### WORK REQUEST
Lines holding the string "assumes": copy each one from the listing below.

### GIVEN DATA
:::::

lemma (in cring) trace_ideal_module_mult_subset:
  assumes "ideal J R" and i: "i \<in> carrier R" and q: "q \<in> carrier R"
    and iJ: "(\<lambda>j. i \<otimes> j) ` J \<subseteq> (\<lambda>j. q \<otimes> j) ` J"
  shows "(\<lambda>l. i \<otimes> l) ` trace_ideal R (ideal_module R J) \<subseteq> (\<lambda>r. q \<otimes> r) ` carrier R"
proof -
  interpret J: ideal J R by fact
  have "trace_ideal R (ideal_module R J) \<subseteq> {l \<in> carrier R. i \<otimes> l \<in> (\<lambda>r. q \<otimes> r) ` carrier R}"
  proof (rule trace_ideal_minimal)
    show "ideal {l \<in> carrier R. i \<otimes> l \<in> (\<lambda>r. q \<otimes> r) ` carrier R} R"
      using ideal_mult_preimage[OF ideal_mult_image[OF oneideal q] i] .
  next
    fix f j assume f: "f \<in> module_dual R (ideal_module R J)"
      and "j \<in> carrier (ideal_module R J)"
    then have j: "j \<in> J" by (simp add: ideal_module_def)
    have fc: "f a \<in> carrier R" and fs: "f (x \<otimes> a) = x \<otimes> f a" if "a \<in> J" "x \<in> carrier R" for a x
      using f that by (auto simp: module_dual_def ideal_module_def)
    obtain j' where j': "j' \<in> J" "i \<otimes> j = q \<otimes> j'" using iJ j by blast
    have "i \<otimes> f j = q \<otimes> f j'"
      using fs[OF j i] fs[OF j'(1) q] j'(2) by simp
    then show "f j \<in> {l \<in> carrier R. i \<otimes> l \<in> (\<lambda>r. q \<otimes> r) ` carrier R}"
      using fc[OF j i] fc[OF j'(1) q] by auto
  qed
  then show ?thesis by blast
qed

lemma (in cring) trace_ideal_mult_subset:
  assumes q: "nonzerodivisor R q" and i: "i \<in> carrier R"
    and iL: "(\<lambda>l. i \<otimes> l) ` trace_ideal R M \<subseteq> (\<lambda>r. q \<otimes> r) ` carrier R"
  shows "(\<lambda>l. i \<otimes> l) ` trace_ideal R M \<subseteq> (\<lambda>l. q \<otimes> l) ` trace_ideal R M"
proof -
  let ?L = "trace_ideal R M"
  have qc: "q \<in> carrier R" using q unfolding nonzerodivisor_def by blast
  have divisible: "\<forall>l\<in>?L. \<exists>r. r \<in> carrier R \<and> q \<otimes> r = i \<otimes> l"
    using iL by (force simp: image_subset_iff)
  obtain \<phi> where \<phi>: "\<And>l. l \<in> ?L \<Longrightarrow> \<phi> l \<in> carrier R \<and> q \<otimes> \<phi> l = i \<otimes> l"
    using bchoice[OF divisible] by blast
  then have \<phi>_dual: "\<phi> \<in> module_dual R (ideal_module R ?L)"
    using module_dual_divided_mult[OF trace_ideal_is_ideal q i] by blast
  have "?L \<subseteq> {l \<in> carrier R. i \<otimes> l \<in> (\<lambda>l. q \<otimes> l) ` ?L}"
  proof (rule trace_ideal_minimal)
    show "ideal {l \<in> carrier R. i \<otimes> l \<in> (\<lambda>l. q \<otimes> l) ` ?L} R"
      using ideal_mult_preimage[OF ideal_mult_image[OF trace_ideal_is_ideal qc] i] .
  next
    fix f z assume f: "f \<in> module_dual R M" and z: "z \<in> carrier M"
    have fL: "f ` carrier M \<subseteq> ?L" using module_dual_apply_in_trace_ideal[OF f] by blast
    have "\<phi> (f z) \<in> ?L"
      using module_dual_apply_in_trace_ideal[OF module_dual_comp[OF f fL \<phi>_dual] z] by simp
    moreover have "f z \<in> ?L" using fL z by blast
    ultimately show "f z \<in> {l \<in> carrier R. i \<otimes> l \<in> (\<lambda>l. q \<otimes> l) ` ?L}"
      using \<phi> ideal.Icarr[OF trace_ideal_is_ideal]
      by (metis (mono_tags, lifting) image_eqI mem_Collect_eq)
  qed
  then show ?thesis by blast
qed

lemma (in cring) ideal_prod_eq_mult_image:
  assumes I: "ideal I R" and L: "ideal L R" and q: "q \<in> I"
    and iL: "\<And>i. i \<in> I \<Longrightarrow> (\<lambda>l. i \<otimes> l) ` L \<subseteq> (\<lambda>l. q \<otimes> l) ` L"
  shows "I \<cdot> L = (\<lambda>l. q \<otimes> l) ` L"
proof
  interpret qL: ideal "(\<lambda>l. q \<otimes> l) ` L" R
    using ideal_mult_image[OF L ideal.Icarr[OF I q]] .
  show "I \<cdot> L \<subseteq> (\<lambda>l. q \<otimes> l) ` L"
  proof
    fix s assume "s \<in> I \<cdot> L"
    then show "s \<in> (\<lambda>l. q \<otimes> l) ` L"
    proof (induct s rule: ideal_prod.induct)
      case (prod i l)
      then show ?case using iL by blast
    next
      case (sum s1 s2)
      then show ?case by (simp add: qL.a_closed)
    qed
  qed
  show "(\<lambda>l. q \<otimes> l) ` L \<subseteq> I \<cdot> L"
    using ideal_prod.prod[OF q] by blast
qed

theorem lemma2p4:
  fixes R :: "'a ring" and m I J L :: "'a set" and q :: 'a
    and M :: "('a, 'm) module"
  assumes "one_dim_CM_local_ring R m"
    and "regular_ideal R I" and "regular_ideal R J"
    and "q \<in> I"
    and "ideal_prod R I J = (\<lambda>j. q \<otimes>\<^bsub>R\<^esub> j) ` J"
    and "module R M" and "L = trace_ideal R M"
    and "regular_ideal R L"
    and "L \<subseteq> trace_ideal R (ideal_module R J)"
  shows "ideal_prod R I L = (\<lambda>l. q \<otimes>\<^bsub>R\<^esub> l) ` L"
proof -
  interpret cring R
    using assms(1) unfolding one_dim_CM_local_ring_def local_ring_def by blast
  have I: "ideal I R" and J: "ideal J R"
    using assms(2,3) unfolding regular_ideal_def by blast+
  have qc: "q \<in> carrier R" using ideal.Icarr[OF I assms(4)] .
  have IJ: "(\<lambda>j. i \<otimes>\<^bsub>R\<^esub> j) ` J \<subseteq> (\<lambda>j. q \<otimes>\<^bsub>R\<^esub> j) ` J" if "i \<in> I" for i
    using that ideal_prod.prod[of i I _ J R] assms(5) by blast
  have "nonzerodivisor R q"
  proof -
    obtain x y where "x \<in> I" "y \<in> J" "nonzerodivisor R x" "nonzerodivisor R y"
      using assms(2,3) unfolding regular_ideal_def by blast
    moreover from this obtain j where "j \<in> J" "x \<otimes>\<^bsub>R\<^esub> y = q \<otimes>\<^bsub>R\<^esub> j" using IJ by blast
    ultimately show ?thesis
      using nonzerodivisor_factor nonzerodivisor_mult qc ideal.Icarr[OF J] by metis
  qed
  moreover have "(\<lambda>l. i \<otimes>\<^bsub>R\<^esub> l) ` L \<subseteq> (\<lambda>r. q \<otimes>\<^bsub>R\<^esub> r) ` carrier R" if "i \<in> I" for i
    using trace_ideal_module_mult_subset[OF J _ qc IJ[OF that]] ideal.Icarr[OF I that] assms(9) by blast
  ultimately have "(\<lambda>l. i \<otimes>\<^bsub>R\<^esub> l) ` L \<subseteq> (\<lambda>l. q \<otimes>\<^bsub>R\<^esub> l) ` L" if "i \<in> I" for i
    using trace_ideal_mult_subset ideal.Icarr[OF I that] that unfolding assms(7) by blast
  then show ?thesis
    using ideal_prod_eq_mult_image[OF I trace_ideal_is_ideal assms(4)] assms(7) by blast
qed

end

:::::

### OUTPUT OF THE EXERCISE
  assumes "ideal J R" and i: "i \<in> carrier R" and q: "q \<in> carrier R"
  assumes q: "nonzerodivisor R q" and i: "i \<in> carrier R"
  assumes I: "ideal I R" and L: "ideal L R" and q: "q \<in> I"
  assumes "one_dim_CM_local_ring R m"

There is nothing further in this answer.